Return the listing in full, word for word.
(Data under study)
lemma exists_solution_with_smaller_delay:
  assumes nonempty: "\<forall>i<n. P i \<noteq> []"
    and delay: "\<forall>i<n. is_delay (d i) (P i) (Q i)"
    and nc: "plan_non_colliding n Q"
    and large: "(n - 1) * soc n P < (\<Sum>i<n. d i)"
  obtains Q' d' where "\<forall>i<n. is_delay (d' i) (P i) (Q' i)" "(\<Sum>i<n. d' i) < (\<Sum>i<n. d i)"
    "plan_non_colliding n Q'"
proof -
  define N where "N i = length (P i) + d i" for i
  have "\<forall>i. \<exists>h. i < n \<longrightarrow> is_schedule (N i) (length (P i)) h \<and> Q i = map (\<lambda>s. P i ! h s) [0..<N i]"
    using delay nonempty by (simp add: N_def is_delay_iff_schedule)
  then obtain H where sched: "\<And>i. i < n \<Longrightarrow> is_schedule (N i) (length (P i)) (H i)"
    and Q: "\<And>i. i < n \<Longrightarrow> Q i = map (\<lambda>s. P i ! H i s) [0..<N i]"
    by metis
  have "0 < length (P i)" if "i < n" for i using nonempty that by simp
  moreover have "(n - 1) * (\<Sum>i<n. length (P i) - 1) < (\<Sum>i<n. N i - length (P i))"
    using large by (simp add: N_def soc_def path_len_def)
  ultimately obtain i t where i: "i < n" "Suc t < N i"
    and wait: "\<And>j. j < n \<Longrightarrow> Suc t < N j \<Longrightarrow> H j (Suc t) = H j t"
    using exists_common_wait_step[of n N "\<lambda>i. length (P i)" H, OF sched] by blast
  define d' where "d' j = (if Suc t < N j then d j - 1 else d j)" for j
  define Q' where "Q' j = delete_step t (Q j)" for j
  have "is_delay (d' j) (P j) (Q' j)" if "j < n" for j
  proof (cases "Suc t < N j")
    case True
    then show ?thesis
      using is_delay_delete_step[OF _ sched[OF that, unfolded N_def]] wait[OF that] nonempty Q that
      by (auto simp: d'_def Q'_def N_def)
  next
    case False
    then show ?thesis using delay Q that by (simp add: d'_def Q'_def delete_step_def)
  qed
  moreover have "(\<Sum>j<n. d' j) < (\<Sum>j<n. d j)"
  proof (rule sum_strict_mono_ex1)
    have "0 < d i"
      using is_schedule_wait_imp_less[OF sched[OF i(1)] _ i(2) wait[OF i]] i(1) nonempty
      by (simp add: N_def)
    then show "\<exists>j\<in>{..<n}. d' j < d j" using i by (intro bexI[of _ i]) (auto simp: d'_def)
  qed (auto simp: d'_def)
  moreover have "pos (Q j) (Suc t) = pos (Q j) t" if "j < n" for j
    using wait[OF that] Q[OF that] by (intro pos_Suc_eqI) (simp add: N_def)
  then have "plan_non_colliding n Q'"
    using nc by (auto simp: plan_non_colliding_def Q'_def intro: non_colliding_delete_step)
  ultimately show thesis using that by blast
qed

lemma acid_solvable_pred_mult_soc:
  assumes "\<forall>i<n. P i \<noteq> []" "acid_solvable n P D"
  shows "acid_solvable n P ((n - 1) * soc n P)"
proof -
  obtain Q d where "\<forall>i<n. is_delay (d i) (P i) (Q i)" "plan_non_colliding n Q"
    using assms(2) by (auto simp: acid_solvable_def)
  then show ?thesis
  proof (induction "\<Sum>i<n. d i" arbitrary: Q d rule: less_induct)
    case less
    show ?case
    proof (cases "(\<Sum>i<n. d i) \<le> (n - 1) * soc n P")
      case True
      with less.prems show ?thesis by (auto simp: acid_solvable_def)
    next
      case False
      with less.prems obtain Q' d' where "\<forall>i<n. is_delay (d' i) (P i) (Q' i)"
        "(\<Sum>i<n. d' i) < (\<Sum>i<n. d i)" "plan_non_colliding n Q'"
        using exists_solution_with_smaller_delay[OF assms(1)] by (metis not_le)
      then show ?thesis using less.hyps by blast
    qed
  qed
qed

theorem lemma1:
  fixes V :: "'v set" and E :: "('v \<times> 'v) set" and n :: nat
    and P :: "nat \<Rightarrow> 'v list" and D :: nat
  assumes "E \<subseteq> V \<times> V"
    and "\<forall>v\<in>V. (v, v) \<in> E"
    and "\<forall>i<n. is_path V E (P i)"
    and "acid_solvable n P D"
  shows "acid_solvable n P ((n - 1) * soc n P)"
  using acid_solvable_pred_mult_soc assms(3,4) by (auto simp: is_path_def)

end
(End Data under study)
## Result of this exercise
lemma exists_solution_with_smaller_delay:
  assumes nonempty: "\<forall>i<n. P i \<noteq> []"
    and delay: "\<forall>i<n. is_delay (d i) (P i) (Q i)"
    and nc: "plan_non_colliding n Q"
    and large: "(n - 1) * soc n P < (\<Sum>i<n. d i)"
  obtains Q' d' where "\<forall>i<n. is_delay (d' i) (P i) (Q' i)" "(\<Sum>i<n. d' i) < (\<Sum>i<n. d i)"
    "plan_non_colliding n Q'"
proof -
  define N where "N i = length (P i) + d i" for i
  have "\<forall>i. \<exists>h. i < n \<longrightarrow> is_schedule (N i) (length (P i)) h \<and> Q i = map (\<lambda>s. P i ! h s) [0..<N i]"
    using delay nonempty by (simp add: N_def is_delay_iff_schedule)
  then obtain H where sched: "\<And>i. i < n \<Longrightarrow> is_schedule (N i) (length (P i)) (H i)"
    and Q: "\<And>i. i < n \<Longrightarrow> Q i = map (\<lambda>s. P i ! H i s) [0..<N i]"
    by metis
  have "0 < length (P i)" if "i < n" for i using nonempty that by simp
  moreover have "(n - 1) * (\<Sum>i<n. length (P i) - 1) < (\<Sum>i<n. N i - length (P i))"
    using large by (simp add: N_def soc_def path_len_def)
  ultimately obtain i t where i: "i < n" "Suc t < N i"
    and wait: "\<And>j. j < n \<Longrightarrow> Suc t < N j \<Longrightarrow> H j (Suc t) = H j t"
    using exists_common_wait_step[of n N "\<lambda>i. length (P i)" H, OF sched] by blast
  define d' where "d' j = (if Suc t < N j then d j - 1 else d j)" for j
  define Q' where "Q' j = delete_step t (Q j)" for j
  have "is_delay (d' j) (P j) (Q' j)" if "j < n" for j
  proof (cases "Suc t < N j")
    case True
    then show ?thesis
      using is_delay_delete_step[OF _ sched[OF that, unfolded N_def]] wait[OF that] nonempty Q that
      by (auto simp: d'_def Q'_def N_def)
  next
    case False
    then show ?thesis using delay Q that by (simp add: d'_def Q'_def delete_step_def)
  qed
  moreover have "(\<Sum>j<n. d' j) < (\<Sum>j<n. d j)"
  proof (rule sum_strict_mono_ex1)
    have "0 < d i"
      using is_schedule_wait_imp_less[OF sched[OF i(1)] _ i(2) wait[OF i]] i(1) nonempty
      by (simp add: N_def)
    then show "\<exists>j\<in>{..<n}. d' j < d j" using i by (intro bexI[of _ i]) (auto simp: d'_def)
  qed (auto simp: d'_def)
  moreover have "pos (Q j) (Suc t) = pos (Q j) t" if "j < n" for j
    using wait[OF that] Q[OF that] by (intro pos_Suc_eqI) (simp add: N_def)
  then have "plan_non_colliding n Q'"
    using nc by (auto simp: plan_non_colliding_def Q'_def intro: non_colliding_delete_step)
  ultimately show thesis using that by blast
qed

lemma acid_solvable_pred_mult_soc:
  assumes "\<forall>i<n. P i \<noteq> []" "acid_solvable n P D"
  shows "acid_solvable n P ((n - 1) * soc n P)"
proof -
  obtain Q d where "\<forall>i<n. is_delay (d i) (P i) (Q i)" "plan_non_colliding n Q"
    using assms(2) by (auto simp: acid_solvable_def)
  then show ?thesis
  proof (induction "\<Sum>i<n. d i" arbitrary: Q d rule: less_induct)
    case less
    show ?case
    proof (cases "(\<Sum>i<n. d i) \<le> (n - 1) * soc n P")
      case True
      with less.prems show ?thesis by (auto simp: acid_solvable_def)
    next
      case False
      with less.prems obtain Q' d' where "\<forall>i<n. is_delay (d' i) (P i) (Q' i)"
        "(\<Sum>i<n. d' i) < (\<Sum>i<n. d i)" "plan_non_colliding n Q'"
        using exists_solution_with_smaller_delay[OF assms(1)] by (metis not_le)
      then show ?thesis using less.hyps by blast
    qed
  qed
qed

theorem lemma1:
  fixes V :: "'v set" and E :: "('v \<times> 'v) set" and n :: nat
    and P :: "nat \<Rightarrow> 'v list" and D :: nat
  assumes "E \<subseteq> V \<times> V"
    and "\<forall>v\<in>V. (v, v) \<in> E"
    and "\<forall>i<n. is_path V E (P i)"
    and "acid_solvable n P D"
  shows "acid_solvable n P ((n - 1) * soc n P)"
  using acid_solvable_pred_mult_soc assms(3,4) by (auto simp: is_path_def)

end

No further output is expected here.